Gockel

Woran liegt es eigentlich, dass Männer so oft anfangen zu gockeln, sobald eine attraktive Frau die sicht- oder unsichtbare Bühne betritt? Nun, eigentlich ist die Frage rhetorisch. Man(n) möchte gefallen, oft um jeden Preis. Das Lächeln wird einen Tick deutlicher, die Zähne blitzen ein Stück mehr zwischen den sonst vielleicht zusammengekniffenen Lippen. Die Augen strahlen, der Rücken strafft sich, die Schultern scheinen breiter zu werden. Die Stimme wird mal heller, mal dunkler. Mann lacht mehr, kokettiert, redet mehr und spricht auch mehr vermeintlich gefällige Themen an. Er gockelt. Mann wird zum eitlen Pfau. Natürlich versuchen wir Männer dabei auch, andere anwesende Männer zu übertrumpfen. Wir machen sie mit Worten kleiner, erheben uns über sie, stechen sie aus, gern auch mit einer Portion Überheblichkeit und Arroganz. 

Wahrscheinlich ist das ein Programm, das wir tief in unseren Genen tragen. Fehlt wohl nur noch, dass wir das Objekt der Begierde an den Haaren in unsere Höhle schleifen. 

Für den Begriff „Objekt der Begierde“ wird Mann allerdings heutzutage gesteinigt, zumindest wenn es sich dabei um eine Frau handelt. 

Klar ist, niemand schleift jemanden ungefragt und gegen deren Willen irgendwohin. Das alte Programm spielt sich trotzdem ab. Und die Frau? Genießt sie es? Ist sie eher genervt und ignoriert es? Keine Ahnung, ich bin keine Frau. Aber ich würde das gern wissen. 
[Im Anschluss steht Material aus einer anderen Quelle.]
(* Let $\nu\ge 1/2$ and let $$\mathcal{B}_{\nu}(z)= \sum_{n=0}^\infty \frac{ \Gamma(\nu+1)\,\Gamma\!\left(\frac{n+1}{2}\right)}{\sqrt{\pi}\, n!\, \Gamma\!\left(\frac{n}{2}+\nu+1\right)}\, z^n ,\qquad z\in\mathbb{D}=\{z\in\mathbb{C}:|z|<1\}.$$ Then the function $f(z)=z\mathcal{B}_\nu(z)$ is starlike (univalent) in $\mathbb{D}$. Moreover, $f$ is close-to-convex with respect to the starlike function $g(z)=z$ and also with respect to the starlike function $g(z)=z/(1-z)$.
   Context: $\mathcal{B}_\nu$ is the Bessel–Struve kernel function; $f(z)=z\mathcal{B}_\nu(z)$ satisfies $f(0)=0$, $f'(0)=1$. A function $f$ analytic in $\mathbb{D}$ with $f(0)=0,f'(0)=1$ is starlike if $f$ is univalent and $f(\mathbb{D})$ is starlike with respect to the origin, equivalently $\operatorname{Re}(zf'(z)/f(z))>0$ on $\mathbb{D}$. Given a starlike function $g$, $f$ is close-to-convex with respect to $g$ if there exists a real $\beta$ such that $\operatorname{Re}\left(e^{i\beta}\, z f'(z)/g(z)\right)>0$ for all $z\in\mathbb{D}$. *)

theory Defs
  imports "HOL-Complex_Analysis.Complex_Analysis"
begin

definition BS_coeff :: "real \<Rightarrow> nat \<Rightarrow> real" where
  "BS_coeff \<nu> n = Gamma (\<nu> + 1) * Gamma ((real n + 1) / 2) /
      (sqrt pi * fact n * Gamma (real n / 2 + \<nu> + 1))"

definition BesselStruve :: "real \<Rightarrow> complex \<Rightarrow> complex" where
  "BesselStruve \<nu> z = (\<Sum>n. complex_of_real (BS_coeff \<nu> n) * z ^ n)"

definition normalized_on_disc :: "(complex \<Rightarrow> complex) \<Rightarrow> bool" where
  "normalized_on_disc f \<longleftrightarrow> f holomorphic_on ball 0 1 \<and> f 0 = 0 \<and> deriv f 0 = 1"

text \<open>Starlike: univalent and Re(z f'(z)/f(z)) > 0 on the disc; at z = 0 the quotient
  is understood as its (removable) value 1, which is positive, so only z \<noteq> 0 is checked.\<close>
definition starlike_disc :: "(complex \<Rightarrow> complex) \<Rightarrow> bool" where
  "starlike_disc f \<longleftrightarrow> normalized_on_disc f \<and> inj_on f (ball 0 1) \<and>
     (\<forall>z\<in>ball 0 1. z \<noteq> 0 \<longrightarrow> Re (z * deriv f z / f z) > 0)"

text \<open>Close-to-convex with respect to g: some real beta with Re(e^{i beta} z f'(z)/g(z)) > 0
  on the disc; at z = 0 the quotient takes its removable value f'(0)/g'(0).\<close>
definition ctc_quot :: "(complex \<Rightarrow> complex) \<Rightarrow> (complex \<Rightarrow> complex) \<Rightarrow> complex \<Rightarrow> complex" where
  "ctc_quot f g z = (if z = 0 then deriv f 0 / deriv g 0 else z * deriv f z / g z)"
definition full_cc :: "('o,'a,'p) doc \<Rightarrow> ('o \<Rightarrow> 'p \<Rightarrow> 'a) \<Rightarrow> bool" where
  "full_cc D cc \<longleftrightarrow> (\<forall>A. \<forall>\<alpha>\<in>Pr D A. \<forall>\<beta>\<in>Pr D A.
     (\<exists>h. hom D h (cdom D (cc A \<beta>)) (cdom D (cc A \<alpha>)) \<and> comp D (cc A \<alpha>) h = cc A \<beta>)
     \<longrightarrow> Le D A \<alpha> \<beta>)"

text \<open>The term <eps_{G(ceil alpha)}, id_A>^* G(ceil alpha) in P(A).\<close>
definition exim :: "('o,'a,'p) doc \<Rightarrow> ('o \<Rightarrow> 'p) \<Rightarrow> ('o \<Rightarrow> 'o \<Rightarrow> 'p \<Rightarrow> 'a)
     \<Rightarrow> ('o \<Rightarrow> 'p \<Rightarrow> 'a) \<Rightarrow> 'o \<Rightarrow> 'p \<Rightarrow> 'p" where
  "exim D \<delta> eps2 cc A \<alpha> =
     (let c = cc A \<alpha>; Oc = cdom D c; \<psi> = graph D \<delta> c
      in Re D (pair D (eps2 Oc A \<psi>) (cid D A)) \<psi>)"

definition eaco_with :: "('o,'a,'p) doc \<Rightarrow> ('o \<Rightarrow> 'p) \<Rightarrow> ('o \<Rightarrow> 'o \<Rightarrow> 'p \<Rightarrow> 'a)
     \<Rightarrow> ('o \<Rightarrow> 'o \<Rightarrow> 'p \<Rightarrow> 'a) \<Rightarrow> ('o \<Rightarrow> 'p \<Rightarrow> 'a) \<Rightarrow> bool" where
  "eaco_with D \<delta> eps1 eps2 cc \<longleftrightarrow>
     elementary_with D \<delta> \<and> co_comprehension D cc \<and> full_cc D cc \<and> AC D eps1 eps2 \<and>
     (\<forall>f. \<forall>\<alpha>\<in>Pr D (ccod D f).
        \<not> stable_initial D (cdom D (cc (ccod D f) \<alpha>)) \<and>
        \<not> stable_initial D (cdom D (cc (cdom D f) (Re D f \<alpha>))) \<longrightarrow>
        Re D f (exim D \<delta> eps2 cc (ccod D f) \<alpha>) =
        exim D \<delta> eps2 cc (cdom D f) (Re D f \<alpha>))"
Spannend auf jeden Fall, so ein Gegockel zu beobachten. Ich erinnere an eine Situation vor einigen Jahrzehnten: viele Männer unter sich, an einem großen Tisch in einer Kneipe sitzend. Ausgelassen lachend, eine freundschaftliche Atmosphäre. Plötzlich: eine schöne junge Frau betritt den Raum. Alles ist anders. Gockel hier und Pfaue dort. Konkurrenzkampf mit Worten und Blicken, Testosteron schwängert die Luft. Ich erinnere mich nicht mehr, was dann passierte. Ich war fasziniert und erschrocken zugleich. 

Jetzt, viele Jahre später, eine ganz andere Situation in viel kleinerem und intimeren Rahmen mit sehr reflektierten Menschen: dasselbe gockeln, sich aufspielen….und wieder bin ich erschrocken, überrumpelt und auch etwas wütend, dass sich da jemand so über andere erhebt, nur weil er gefallen will. Bin ich da eifersüchtig? Vielleicht auch das. Ein wenig Fremdscham ist mit dabei – und doch: das genetische Programm funktioniert. Auch wenn es meist nicht zum Ziel führt. 

Mal sehen, wie das in weiteren Jahrzehnten ist, wenn ich hoffentlich greisenhaft mit nicht minder greisen Menschen zusammen bin. Bestimmt gockeln wir Männer dann noch immer!